> What this task involves:
Scan the records below for the line with "yv v by blast" and the line with "y w \<Longrightarrow>". Repeat those two lines and every line between them exactly, and nothing else.

> Information:

lemma advantage_le_of_certified_removal:
  assumes "finite D" "splits D \<alpha> \<noteq> {}"
    and Learn: "\<And>X. X \<subseteq> D \<Longrightarrow> Learn X \<in> space (prob_algebra M)"
    and Unlearn: "\<And>F. F \<subseteq> D \<Longrightarrow> (\<lambda>m. Unlearn m F) \<in> M \<rightarrow>\<^sub>M prob_algebra M"
    and CR: "certified_removal M Learn Unlearn D \<epsilon> \<delta>" and "0 \<le> \<delta>" and A: "A \<in> adversaries M"
  shows "advantage D P \<alpha> Learn Unlearn A \<le> 2 * ((exp \<epsilon> - 1 + 2 * \<delta>) / (exp \<epsilon> + 1))"
proof -
  define S where "S = splits D \<alpha>"
  define c where "c = (exp \<epsilon> - 1 + 2 * \<delta>) / (exp \<epsilon> + 1)"
  define p where "p X R F = out1_prob A (unlearned_dist Learn Unlearn R F) (query_oracle P X)" for X R F
  have card_pos: "0 < card S"
    using assms(1,2) finite_splits by (auto simp: S_def card_gt_0_iff)
  have "(\<Sum>(R, F, T)\<in>S. p T R F) = (\<Sum>(R, F, T)\<in>S. p F R T)"
    by (rule sum.reindex_bij_witness[where i="\<lambda>(R, F, T). (R, T, F)" and j="\<lambda>(R, F, T). (R, T, F)"])
       (auto simp: S_def intro: splits_swap[OF \<open>finite D\<close>])
  then have "\<bar>(\<Sum>(R, F, T)\<in>S. p F R F) - (\<Sum>(R, F, T)\<in>S. p T R F)\<bar>
             = \<bar>\<Sum>(R, F, T)\<in>S. p F R F - p F R T\<bar>"
    by (simp add: sum_subtractf case_prod_beta)
  also have "\<dots> \<le> (\<Sum>(R, F, T)\<in>S. \<bar>p F R F - p F R T\<bar>)"
    by (rule order_trans[OF sum_abs]) (simp add: case_prod_beta)
  also have "\<dots> \<le> (\<Sum>(R, F, T)\<in>S. 2 * c)"
    unfolding p_def c_def
    by (rule sum_mono, clarify, rule out1_prob_unlearned_close[OF Learn Unlearn CR \<open>0 \<le> \<delta>\<close> A])
       (auto simp: S_def splits_def)
  finally show ?thesis
    using card_pos by (simp add: advantage_def S_def p_def c_def divide_le_eq mult.commute)
qed

theorem theorem3p6:
  fixes M :: "'m measure" and D :: "'d set" and P :: "'d pmf" and \<alpha> \<epsilon> \<delta> :: real
    and Learn :: "'d set \<Rightarrow> 'm measure" and Unlearn :: "'m \<Rightarrow> 'd set \<Rightarrow> 'm measure"
  assumes "finite D" and "set_pmf P = D"
    and "0 < \<alpha>" and "\<alpha> < 1" and "splits D \<alpha> \<noteq> {}"
    and "\<And>X. X \<subseteq> D \<Longrightarrow> Learn X \<in> space (prob_algebra M)"
    and "\<And>F. F \<subseteq> D \<Longrightarrow> (\<lambda>m. Unlearn m F) \<in> M \<rightarrow>\<^sub>M prob_algebra M"
    and "0 < \<epsilon>" and "0 < \<delta>"
    and "certified_removal M Learn Unlearn D \<epsilon> \<delta>"
  shows "(\<forall>A\<in>adversaries M.
            advantage D P \<alpha> Learn Unlearn A \<le> 2 * (1 - (2 - 2 * \<delta>) / (exp \<epsilon> + 1)))
         \<and> quality M D P \<alpha> Learn Unlearn \<ge> (4 - 4 * \<delta>) / (exp \<epsilon> + 1) - 1"
proof -
  have "exp \<epsilon> + 1 > 0"
    by (simp add: add_pos_pos)
  then have bound_eq: "2 * ((exp \<epsilon> - 1 + 2 * \<delta>) / (exp \<epsilon> + 1)) = 2 * (1 - (2 - 2 * \<delta>) / (exp \<epsilon> + 1))"
    "1 - 2 * (1 - (2 - 2 * \<delta>) / (exp \<epsilon> + 1)) = (4 - 4 * \<delta>) / (exp \<epsilon> + 1) - 1"
    by (simp_all add: field_simps)
  have advantage_le: "advantage D P \<alpha> Learn Unlearn A \<le> 2 * (1 - (2 - 2 * \<delta>) / (exp \<epsilon> + 1))"
    if "A \<in> adversaries M" for A
    unfolding bound_eq(1)[symmetric]
    by (rule advantage_le_of_certified_removal) (use assms that in auto)
  have "(\<lambda>_ _. 0) \<in> adversaries M"
    by (simp add: adversaries_def)
  then have "(SUP A\<in>adversaries M. advantage D P \<alpha> Learn Unlearn A) \<le> 2 * (1 - (2 - 2 * \<delta>) / (exp \<epsilon> + 1))"
    by (intro cSUP_least advantage_le) auto
  then show ?thesis
    using advantage_le bound_eq(2) by (simp add: quality_def)
qed
definition colorable :: "'a set \<Rightarrow> 'a set set \<Rightarrow> nat \<Rightarrow> bool" where
  "colorable V E k \<longleftrightarrow> (\<exists>f :: 'a \<Rightarrow> nat. (\<forall>v\<in>V. f v < k) \<and>
     (\<forall>u\<in>V. \<forall>v\<in>V. {u, v} \<in> E \<longrightarrow> f u \<noteq> f v))"

definition chi :: "'a set \<Rightarrow> 'a set set \<Rightarrow> nat" where
  "chi V E = (LEAST k. colorable V E k)"

definition del_vertex_edges :: "'a set set \<Rightarrow> 'a \<Rightarrow> 'a set set" where
  "del_vertex_edges E v = {e \<in> E. v \<notin> e}"

definition critical_vertex :: "'a set \<Rightarrow> 'a set set \<Rightarrow> 'a \<Rightarrow> bool" where
  "critical_vertex V E v \<longleftrightarrow> v \<in> V \<and>
     chi (V - {v}) (del_vertex_edges E v) < chi V E"

definition induced_edges :: "'a set set \<Rightarrow> 'a set \<Rightarrow> 'a set set" where
  "induced_edges E S = {e \<in> E. e \<subseteq> S}"

definition num_induced_edges :: "'a set set \<Rightarrow> 'a set \<Rightarrow> nat" where
  "num_induced_edges E S = card (induced_edges E S)"

text \<open>An (r_1,...,r_a)-partitioned coloring {{x}, L_11, ..., L_{a r_a}}: color classes
  {x} and L i j (1 \<le> i \<le> a, 1 \<le> j \<le> r i), nonempty, pairwise disjoint,
  independent, covering V. (The requirement of exactly chi(G) classes is
  1 + sum r_i = chi(G), which is a hypothesis of the theorem.)\<close>
definition partitioned_coloring ::
  "'a set \<Rightarrow> 'a set set \<Rightarrow> nat \<Rightarrow> (nat \<Rightarrow> nat) \<Rightarrow> 'a \<Rightarrow> (nat \<Rightarrow> nat \<Rightarrow> 'a set) \<Rightarrow> bool" where
  "partitioned_coloring V E a r x L \<longleftrightarrow>
     x \<in> V \<and>
     (\<forall>i\<in>{1..a}. \<forall>j\<in>{1..r i}.
        L i j \<subseteq> V \<and> L i j \<noteq> {} \<and> x \<notin> L i j \<and>
        (\<forall>u\<in>L i j. \<forall>v\<in>L i j. {u, v} \<notin> E)) \<and>
     (\<forall>i\<in>{1..a}. \<forall>j\<in>{1..r i}. \<forall>i'\<in>{1..a}. \<forall>j'\<in>{1..r i'}.
        (i, j) \<noteq> (i', j') \<longrightarrow> L i j \<inter> L i' j' = {}) \<and>
     V = {x} \<union> (\<Union>i\<in>{1..a}. \<Union>j\<in>{1..r i}. L i j)"

definition U_part :: "(nat \<Rightarrow> nat) \<Rightarrow> (nat \<Rightarrow> nat \<Rightarrow> 'a set) \<Rightarrow> nat \<Rightarrow> 'a set" where
  "U_part r L i = (\<Union>j\<in>{1..r i}. L i j)"

definition pc_cost :: "'a set set \<Rightarrow> nat \<Rightarrow> (nat \<Rightarrow> nat) \<Rightarrow> (nat \<Rightarrow> nat \<Rightarrow> 'a set) \<Rightarrow> nat" where
  "pc_cost E a r L = (\<Sum>i=1..a. num_induced_edges E (U_part r L i))"

definition component :: "'a set set \<Rightarrow> 'a set \<Rightarrow> 'a \<Rightarrow> 'a set" where
  "component E S x = {y. (\<lambda>u v. u \<in> S \<and> v \<in> S \<and> {u, v} \<in> E)\<^sup>*\<^sup>* x y \<and> y \<in> S}"

definition degree :: "'a set set \<Rightarrow> 'a \<Rightarrow> nat" where
  "degree F v = card {u. {v, u} \<in> F \<and> u \<noteq> v}"

definition complete_graph :: "'a set \<Rightarrow> 'a set set \<Rightarrow> bool" where
  "complete_graph C F \<longleftrightarrow> (\<forall>u\<in>C. \<forall>v\<in>C. u \<noteq> v \<longrightarrow> {u, v} \<in> F)"

definition odd_cycle :: "'a set \<Rightarrow> 'a set set \<Rightarrow> bool" where
  "odd_cycle C F \<longleftrightarrow> (\<exists>vs. distinct vs \<and> set vs = C \<and> length vs \<ge> 3 \<and> odd (length vs) \<and>
     F = {{vs ! k, vs ! ((k + 1) mod length vs)} | k. k < length vs})"

end

theory Submission
  imports Defs
begin

text \<open>
  Put \<open>W = {x} \<union> U\<^sub>i\<close>. The graph \<open>G[W]\<close> is not \<open>r\<^sub>i\<close>-colourable, for otherwise \<open>G\<close> could be
  coloured with \<open>\<chi>(G) - 1\<close> colours. If \<open>y \<in> W\<close> and \<open>G[W - y]\<close> has an \<open>r\<^sub>i\<close>-colouring, then this
  colouring uses every colour, and making \<open>y\<close> the singleton class gives another partitioned
  colouring; by minimality \<open>d\<^sub>W(y) \<le> d\<^sub>W(x) = r\<^sub>i\<close>, and since all colours occur around \<open>y\<close>,
  equality holds and the neighbours of \<open>y\<close> have distinct colours.

  So in such a colouring the uncoloured vertex can walk along any Kempe chain, which keeps every
  vertex on a chain of degree 2 within the chain. A vertex other than the uncoloured \<open>v\<close> cannot lie on
  two chains through \<open>v\<close> unless it is adjacent to \<open>v\<close>, because it could then be recoloured with a
  missing fourth colour. For \<open>r\<^sub>i \<ge> 3\<close> a Kempe swap turns two non-adjacent neighbours of \<open>v\<close> into such
  a configuration, so the neighbourhood of \<open>v\<close> is a clique and the component of \<open>x\<close> is complete.
  For \<open>r\<^sub>i = 2\<close> the whole of \<open>W\<close> is one Kempe set, so the component of \<open>x\<close> is 2-regular, i.e. a cycle,
  and it is odd because an even cycle is 2-colourable.
\<close>

locale sym_graph =
  fixes W :: "'a set" and adj :: "'a \<Rightarrow> 'a \<Rightarrow> bool"
  assumes finite_W: "finite W"
    and adj_sym: "adj u v \<Longrightarrow> adj v u"
    and adj_irrefl: "\<not> adj u u"
begin

definition nbrs :: "'a \<Rightarrow> 'a set" where
  "nbrs y = {u\<in>W. adj y u}"

definition linked :: "'a set \<Rightarrow> 'a \<Rightarrow> 'a \<Rightarrow> bool" where
  "linked S = (\<lambda>a b. a \<in> S \<and> b \<in> S \<and> adj a b)\<^sup>*\<^sup>*"

lemma finite_nbrs: "finite (nbrs y)"
  using finite_W by (simp add: nbrs_def)

lemma nbrs_subset: "nbrs y \<subseteq> W - {y}"
  using adj_irrefl by (auto simp: nbrs_def)

lemma linked_refl: "linked S a a"
  by (simp add: linked_def)

lemma linked_step: "linked S a b \<Longrightarrow> b \<in> S \<Longrightarrow> c \<in> S \<Longrightarrow> adj b c \<Longrightarrow> linked S a c"
  unfolding linked_def by (simp add: rtranclp.rtrancl_into_rtrancl)

lemma linked_closed:
  assumes "linked S a b" "a \<in> S" shows "b \<in> S"
  using assms(1) unfolding linked_def by (induction rule: rtranclp_induct) (use assms(2) in auto)

lemma linked_mono:
  assumes "S \<subseteq> T" "linked S a b" shows "linked T a b"
  using assms(2) unfolding linked_def
  by (induction rule: rtranclp_induct) (use assms(1) in \<open>auto intro: rtranclp.rtrancl_into_rtrancl\<close>)

lemma linked_sym:
  assumes "linked S a b" shows "linked S b a"
  using assms unfolding linked_def
  by (induction rule: rtranclp_induct) (auto intro: converse_rtranclp_into_rtranclp adj_sym)

lemma linked_component:
  assumes "linked S a b" shows "linked {z. linked S a z} a b"
proof -
  define C where "C = {z. linked S a z}"
  from assms have "linked C a b" unfolding linked_def[of S]
  proof (induction rule: rtranclp_induct)
    case base show ?case by (rule linked_refl)
  next
    case (step z' z)
    have "z' \<in> C" using step(1) by (simp add: C_def linked_def)
    moreover have "z \<in> C" using calculation step(2) linked_step by (simp add: C_def)
    ultimately show ?case using linked_step[OF step.IH] step(2) by simp
  qed
  thus ?thesis by (simp add: C_def)
qed

lemma linked_via_nbr:
  assumes yv: "linked S v y" and v: "v \<in> S" "v \<noteq> y"
  shows "\<exists>a\<in>S. adj a y \<and> linked (S - {y}) v a"
proof (rule ccontr)
  assume none: "\<not> ?thesis"
  have "linked (S - {y}) v z" if "linked S v z" for z
    using that unfolding linked_def[of S]
  proof (induction rule: rtranclp_induct)
    case base show ?case by (rule linked_refl)
  next
    case (step z' z)
    have "z' \<in> S - {y}" using linked_closed[OF step.IH] v by blast
    hence "z \<noteq> y" using none step.IH step.hyps(2) by auto
    thus ?case using linked_step[OF step.IH \<open>z' \<in> S - {y}\<close>] step.hyps(2) by blast
  qed
  hence "y \<in> S - {y}" using linked_closed yv v by blast
  thus False by simp
qed

definition proper_on :: "'a set \<Rightarrow> ('a \<Rightarrow> nat) \<Rightarrow> bool" where
  "proper_on S f \<longleftrightarrow> (\<forall>u\<in>S. \<forall>v\<in>S. adj u v \<longrightarrow> f u \<noteq> f v)"

lemma proper_onD: "proper_on S f \<Longrightarrow> u \<in> S \<Longrightarrow> v \<in> S \<Longrightarrow> adj u v \<Longrightarrow> f u \<noteq> f v"
  by (simp add: proper_on_def)

lemma proper_on_subset: "proper_on T f \<Longrightarrow> S \<subseteq> T \<Longrightarrow> proper_on S f"
  by (auto simp: proper_on_def)

lemma proper_on_insert:
  assumes "proper_on S f" "\<And>w. w \<in> S \<Longrightarrow> adj y w \<Longrightarrow> f w \<noteq> c"
  shows "proper_on (insert y S) (f(y := c))"
  using assms adj_irrefl adj_sym unfolding proper_on_def by (smt (verit, best) fun_upd_apply insert_iff)

lemma even_sum_degrees:
  assumes "finite R" shows "even (\<Sum>z\<in>R. card {w\<in>R. adj z w})"
  using assms
proof (induction R rule: finite_induct)
  case empty thus ?case by simp
next
  case (insert y R)
  have deg_y: "{w\<in>insert y R. adj y w} = {w\<in>R. adj y w}" using adj_irrefl by auto
  have deg_z: "card {w\<in>insert y R. adj z w} = card {w\<in>R. adj z w} + (if adj z y then 1 else 0)"
    if "z \<in> R" for z
  proof (cases "adj z y")
    case True
    hence "{w\<in>insert y R. adj z w} = insert y {w\<in>R. adj z w}" by auto
    thus ?thesis using insert True by simp
  next
    case False
    hence "{w\<in>insert y R. adj z w} = {w\<in>R. adj z w}" by auto
    thus ?thesis using False by simp
  qed
  have "(\<Sum>z\<in>R. (if adj z y then 1 else 0::nat)) = card {w\<in>R. adj y w}"
  proof -
    have "{z\<in>R. adj z y} = {w\<in>R. adj y w}" using adj_sym by auto
    thus ?thesis using insert by (simp add: sum.If_cases Int_def)
  qed
  hence "(\<Sum>z\<in>insert y R. card {w\<in>insert y R. adj z w})
      = 2 * card {w\<in>R. adj y w} + (\<Sum>z\<in>R. card {w\<in>R. adj z w})"
    using insert deg_y deg_z by (simp add: sum.distrib)
  thus ?case using insert by simp
qed
(* Let $V$ be a Banach $\mathbb O$-bimodule, $T\in\mathscr B_{\mathcal{RO}}(V)$, $v\in\operatorname{Re}V$ and $\phi\in V^{*_{\mathbb O}}$. Set $g(s)=\phi\big((R_s-T)^{\circledcirc-}(v)\big)$ for $s\in\rho^*(T)$. Then for every $J\in\mathbb S$, $g$ is continuously differentiable on the open set $\rho_J^*(T)\subseteq\mathbb C_J$ and, writing $s=x+yJ$, satisfies $\frac{\partial g}{\partial x}(s)+\frac{\partial g}{\partial y}(s)\,J=0$ there; i.e. $g$ is right slice regular on the pull-back resolvent set.
   Context: $\mathbb O$ is the real octonion algebra with basis $e_0=1,\dots,e_7$; $\mathbb S=\{J\in\mathbb O:J^2=-1\}$, $\mathbb C_J=\mathbb R+\mathbb RJ$. An $\mathbb O$-bimodule is a real vector space $M$ with real-bilinear left and right multiplications by $\mathbb O$ (with $1x=x1=x$) whose associators $[p,q,x]=(pq)x-p(qx)$, $[p,x,q]=(px)q-p(xq)$, $[x,p,q]=(xp)q-x(pq)$ satisfy $[p,q,x]=[q,x,p]=[x,p,q]=-[q,p,x]$. Its real part is $\operatorname{Re}M=\{m: pm=mp,\ [p,q,m]=0\ \forall p,q\}$, and every $x$ decomposes uniquely as $\sum_ix_ie_i$ with $x_i\in\operatorname{Re}M$. A Banach $\mathbb O$-bimodule is one with a complete norm with $\|px\|=\|xp\|=|p|\|x\|$; $\mathbb O$ itself is one. $V^{*_{\mathbb O}}$ is the set of continuous octonionic linear functionals $\phi:V\to\mathbb O$ ($\phi(xp)=\phi(x)p$, equivalently $\phi(px)=p\phi(x)$). $\mathscr B_{\mathbb R}(V)$: bounded real-linear operators; invertible means invertible in $\mathscr B_{\mathbb R}(V)$; $R_sv=vs$. $\mathscr B_{\mathcal{RO}}(V)$: bounded real-linear $f$ with $\operatorname{Re}(f(x)p-f(xp))=0$ for all $p,x$, where $\operatorname{Re}x$ is the $e_0$-component above. For invertible $S$, $S^{\circledcirc-}=\operatorname{ext}(S^{-1}|_{\operatorname{Re}V})$ where $(\operatorname{ext}h)(\sum_ix_ie_i)=\sum_ih(x_i)e_i$ ($x_i\in\operatorname{Re}V$); in particular $S^{\circledcirc-}(v)=S^{-1}(v)$ for $v\in\operatorname{Re}V$. $S$ is $\mathbb C_J$-extendable power associative if $S^n(w\lambda)=S^n(w)\lambda$ for all $n\ge1$, $w\in\operatorname{Re}V$, $\lambda\in\mathbb C_J$. $\rho_J^*(T)=\{s\in\mathbb C_J: R_s-T$ invertible and $(R_s-T)^{-1}$ $\mathbb C_J$-extendable power associative$\}$ (open in $\mathbb C_J$), $\rho^*(T)=\bigcup_J\rho_J^*(T)$. *)

theory Defs
  imports "HOL-Analysis.Analysis"
begin

text \<open>Quaternions as pairs of complex numbers, octonions as pairs of quaternions.
  The product norm of Product_Vector is then the Euclidean norm on R^8.\<close>

type_synonym quat = "complex \<times> complex"
type_synonym oct = "quat \<times> quat"

definition qcnj :: "quat \<Rightarrow> quat" where
  "qcnj p = (cnj (fst p), - snd p)"

definition qmul :: "quat \<Rightarrow> quat \<Rightarrow> quat" where
  "qmul p q = (fst p * fst q - cnj (snd q) * snd p, snd q * fst p + snd p * cnj (fst q))"

definition ocnj :: "oct \<Rightarrow> oct" where
  "ocnj p = (qcnj (fst p), - snd p)"

definition omul :: "oct \<Rightarrow> oct \<Rightarrow> oct" where
  "omul p q = (qmul (fst p) (fst q) - qmul (qcnj (snd q)) (snd p),
               qmul (snd q) (fst p) + qmul (snd p) (qcnj (fst q)))"

definition oone :: oct where
  "oone = ((1, 0), (0, 0))"

definition oe :: "nat \<Rightarrow> oct" where
  "oe i = (if i = 0 then ((1, 0), (0, 0))
      else if i = 1 then ((\<i>, 0), (0, 0))
      else if i = 2 then ((0, 1), (0, 0))
      else if i = 3 then ((0, \<i>), (0, 0))
      else if i = 4 then ((0, 0), (1, 0))
      else if i = 5 then ((0, 0), (\<i>, 0))
      else if i = 6 then ((0, 0), (0, 1))
      else if i = 7 then ((0, 0), (0, \<i>))
      else 0)"

definition osphere :: "oct set" where
  "osphere = {J. omul J J = - oone}"

definition CJ :: "oct \<Rightarrow> oct set" where
  "CJ J = {x *\<^sub>R oone + y *\<^sub>R J | x y. True}"

definition assocL :: "(oct \<Rightarrow> 'v::real_vector \<Rightarrow> 'v) \<Rightarrow> oct \<Rightarrow> oct \<Rightarrow> 'v \<Rightarrow> 'v" where
  "assocL lm p q x = lm (omul p q) x - lm p (lm q x)"

definition assocM :: "(oct \<Rightarrow> 'v::real_vector \<Rightarrow> 'v) \<Rightarrow> ('v \<Rightarrow> oct \<Rightarrow> 'v) \<Rightarrow> oct \<Rightarrow> 'v \<Rightarrow> oct \<Rightarrow> 'v" where
  "assocM lm rm p x q = rm (lm p x) q - lm p (rm x q)"

definition assocR :: "('v::real_vector \<Rightarrow> oct \<Rightarrow> 'v) \<Rightarrow> 'v \<Rightarrow> oct \<Rightarrow> oct \<Rightarrow> 'v" where
  "assocR rm x p q = rm (rm x p) q - rm x (omul p q)"

definition oct_bimodule :: "(oct \<Rightarrow> 'v::real_vector \<Rightarrow> 'v) \<Rightarrow> ('v \<Rightarrow> oct \<Rightarrow> 'v) \<Rightarrow> bool" where
  "oct_bimodule lm rm \<longleftrightarrow>
     (\<forall>p. linear (lm p)) \<and> (\<forall>x. linear (\<lambda>p. lm p x)) \<and>
     (\<forall>p. linear (\<lambda>x. rm x p)) \<and> (\<forall>x. linear (rm x)) \<and>
     (\<forall>x. lm oone x = x) \<and> (\<forall>x. rm x oone = x) \<and>
     (\<forall>p q x. assocL lm p q x = assocM lm rm q x p \<and>
              assocM lm rm q x p = assocR rm x p q \<and>
              assocR rm x p q = - assocL lm q p x)"

definition banach_oct_bimodule :: "(oct \<Rightarrow> 'v::banach \<Rightarrow> 'v) \<Rightarrow> ('v \<Rightarrow> oct \<Rightarrow> 'v) \<Rightarrow> bool" where
  "banach_oct_bimodule lm rm \<longleftrightarrow> oct_bimodule lm rm \<and>
     (\<forall>p x. norm (lm p x) = norm p * norm x \<and> norm (rm x p) = norm p * norm x)"

definition ReM :: "(oct \<Rightarrow> 'v::real_vector \<Rightarrow> 'v) \<Rightarrow> ('v \<Rightarrow> oct \<Rightarrow> 'v) \<Rightarrow> 'v set" where
  "ReM lm rm = {m. (\<forall>p. lm p m = rm m p) \<and> (\<forall>p q. assocL lm p q m = 0)}"

definition comps :: "(oct \<Rightarrow> 'v::real_vector \<Rightarrow> 'v) \<Rightarrow> ('v \<Rightarrow> oct \<Rightarrow> 'v) \<Rightarrow> 'v \<Rightarrow> nat \<Rightarrow> 'v" where
  "comps lm rm x = (THE c. (\<forall>i<8. c i \<in> ReM lm rm) \<and> (\<forall>i\<ge>8. c i = 0) \<and>
                         x = (\<Sum>i<8. rm (c i) (oe i)))"

definition reprt :: "(oct \<Rightarrow> 'v::real_vector \<Rightarrow> 'v) \<Rightarrow> ('v \<Rightarrow> oct \<Rightarrow> 'v) \<Rightarrow> 'v \<Rightarrow> 'v" where
  "reprt lm rm x = comps lm rm x 0"

definition oct_dual :: "(oct \<Rightarrow> 'v::real_normed_vector \<Rightarrow> 'v) \<Rightarrow> ('v \<Rightarrow> oct \<Rightarrow> 'v) \<Rightarrow> ('v \<Rightarrow> oct) set" where
  "oct_dual lm rm = {\<phi>. bounded_linear \<phi> \<and> (\<forall>x p. \<phi> (rm x p) = omul (\<phi> x) p)}"

definition BRO :: "(oct \<Rightarrow> 'v::real_normed_vector \<Rightarrow> 'v) \<Rightarrow> ('v \<Rightarrow> oct \<Rightarrow> 'v) \<Rightarrow> ('v \<Rightarrow> 'v) set" where
  "BRO lm rm = {f. bounded_linear f \<and> (\<forall>p x. reprt lm rm (rm (f x) p - f (rm x p)) = 0)}"

definition invertible_op :: "('v::real_normed_vector \<Rightarrow> 'v) \<Rightarrow> bool" where
  "invertible_op S \<longleftrightarrow> bounded_linear S \<and>
     (\<exists>S'. bounded_linear S' \<and> S' \<circ> S = id \<and> S \<circ> S' = id)"

definition ext_op :: "(oct \<Rightarrow> 'v::real_vector \<Rightarrow> 'v) \<Rightarrow> ('v \<Rightarrow> oct \<Rightarrow> 'v) \<Rightarrow> ('v \<Rightarrow> 'v) \<Rightarrow> 'v \<Rightarrow> 'v" where
  "ext_op lm rm h x = (\<Sum>i<8. rm (h (comps lm rm x i)) (oe i))"

text \<open>S^{circledcirc-} = ext (S^{-1} restricted to Re V).\<close>
definition circ_inv :: "(oct \<Rightarrow> 'v::real_vector \<Rightarrow> 'v) \<Rightarrow> ('v \<Rightarrow> oct \<Rightarrow> 'v) \<Rightarrow> ('v \<Rightarrow> 'v) \<Rightarrow> 'v \<Rightarrow> 'v" where
  "circ_inv lm rm S = ext_op lm rm (inv S)"

definition CJ_ext_pow_assoc :: "(oct \<Rightarrow> 'v::real_vector \<Rightarrow> 'v) \<Rightarrow> ('v \<Rightarrow> oct \<Rightarrow> 'v) \<Rightarrow> oct \<Rightarrow> ('v \<Rightarrow> 'v) \<Rightarrow> bool" where
  "CJ_ext_pow_assoc lm rm J S \<longleftrightarrow>
     (\<forall>n\<ge>1. \<forall>w\<in>ReM lm rm. \<forall>c\<in>CJ J. (S ^^ n) (rm w c) = rm ((S ^^ n) w) c)"

definition rhoJ :: "(oct \<Rightarrow> 'v::real_normed_vector \<Rightarrow> 'v) \<Rightarrow> ('v \<Rightarrow> oct \<Rightarrow> 'v) \<Rightarrow> ('v \<Rightarrow> 'v) \<Rightarrow> oct \<Rightarrow> oct set" where
  "rhoJ lm rm T J = {s \<in> CJ J. invertible_op (\<lambda>w. rm w s - T w) \<and>
       CJ_ext_pow_assoc lm rm J (inv (\<lambda>w. rm w s - T w))}"

definition rho :: "(oct \<Rightarrow> 'v::real_normed_vector \<Rightarrow> 'v) \<Rightarrow> ('v \<Rightarrow> oct \<Rightarrow> 'v) \<Rightarrow> ('v \<Rightarrow> 'v) \<Rightarrow> oct set" where
  "rho lm rm T = (\<Union>J\<in>osphere. rhoJ lm rm T J)"

end

theory Submission
  imports Defs
begin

> Result of this exercise:
  hence "y \<in> S - {y}" using linked_closed yv v by blast
  thus False by simp
qed

definition proper_on :: "'a set \<Rightarrow> ('a \<Rightarrow> nat) \<Rightarrow> bool" where
  "proper_on S f \<longleftrightarrow> (\<forall>u\<in>S. \<forall>v\<in>S. adj u v \<longrightarrow> f u \<noteq> f v)"

lemma proper_onD: "proper_on S f \<Longrightarrow> u \<in> S \<Longrightarrow> v \<in> S \<Longrightarrow> adj u v \<Longrightarrow> f u \<noteq> f v"
  by (simp add: proper_on_def)

lemma proper_on_subset: "proper_on T f \<Longrightarrow> S \<subseteq> T \<Longrightarrow> proper_on S f"
  by (auto simp: proper_on_def)

lemma proper_on_insert:
  assumes "proper_on S f" "\<And>w. w \<in> S \<Longrightarrow> adj y w \<Longrightarrow> f w \<noteq> c"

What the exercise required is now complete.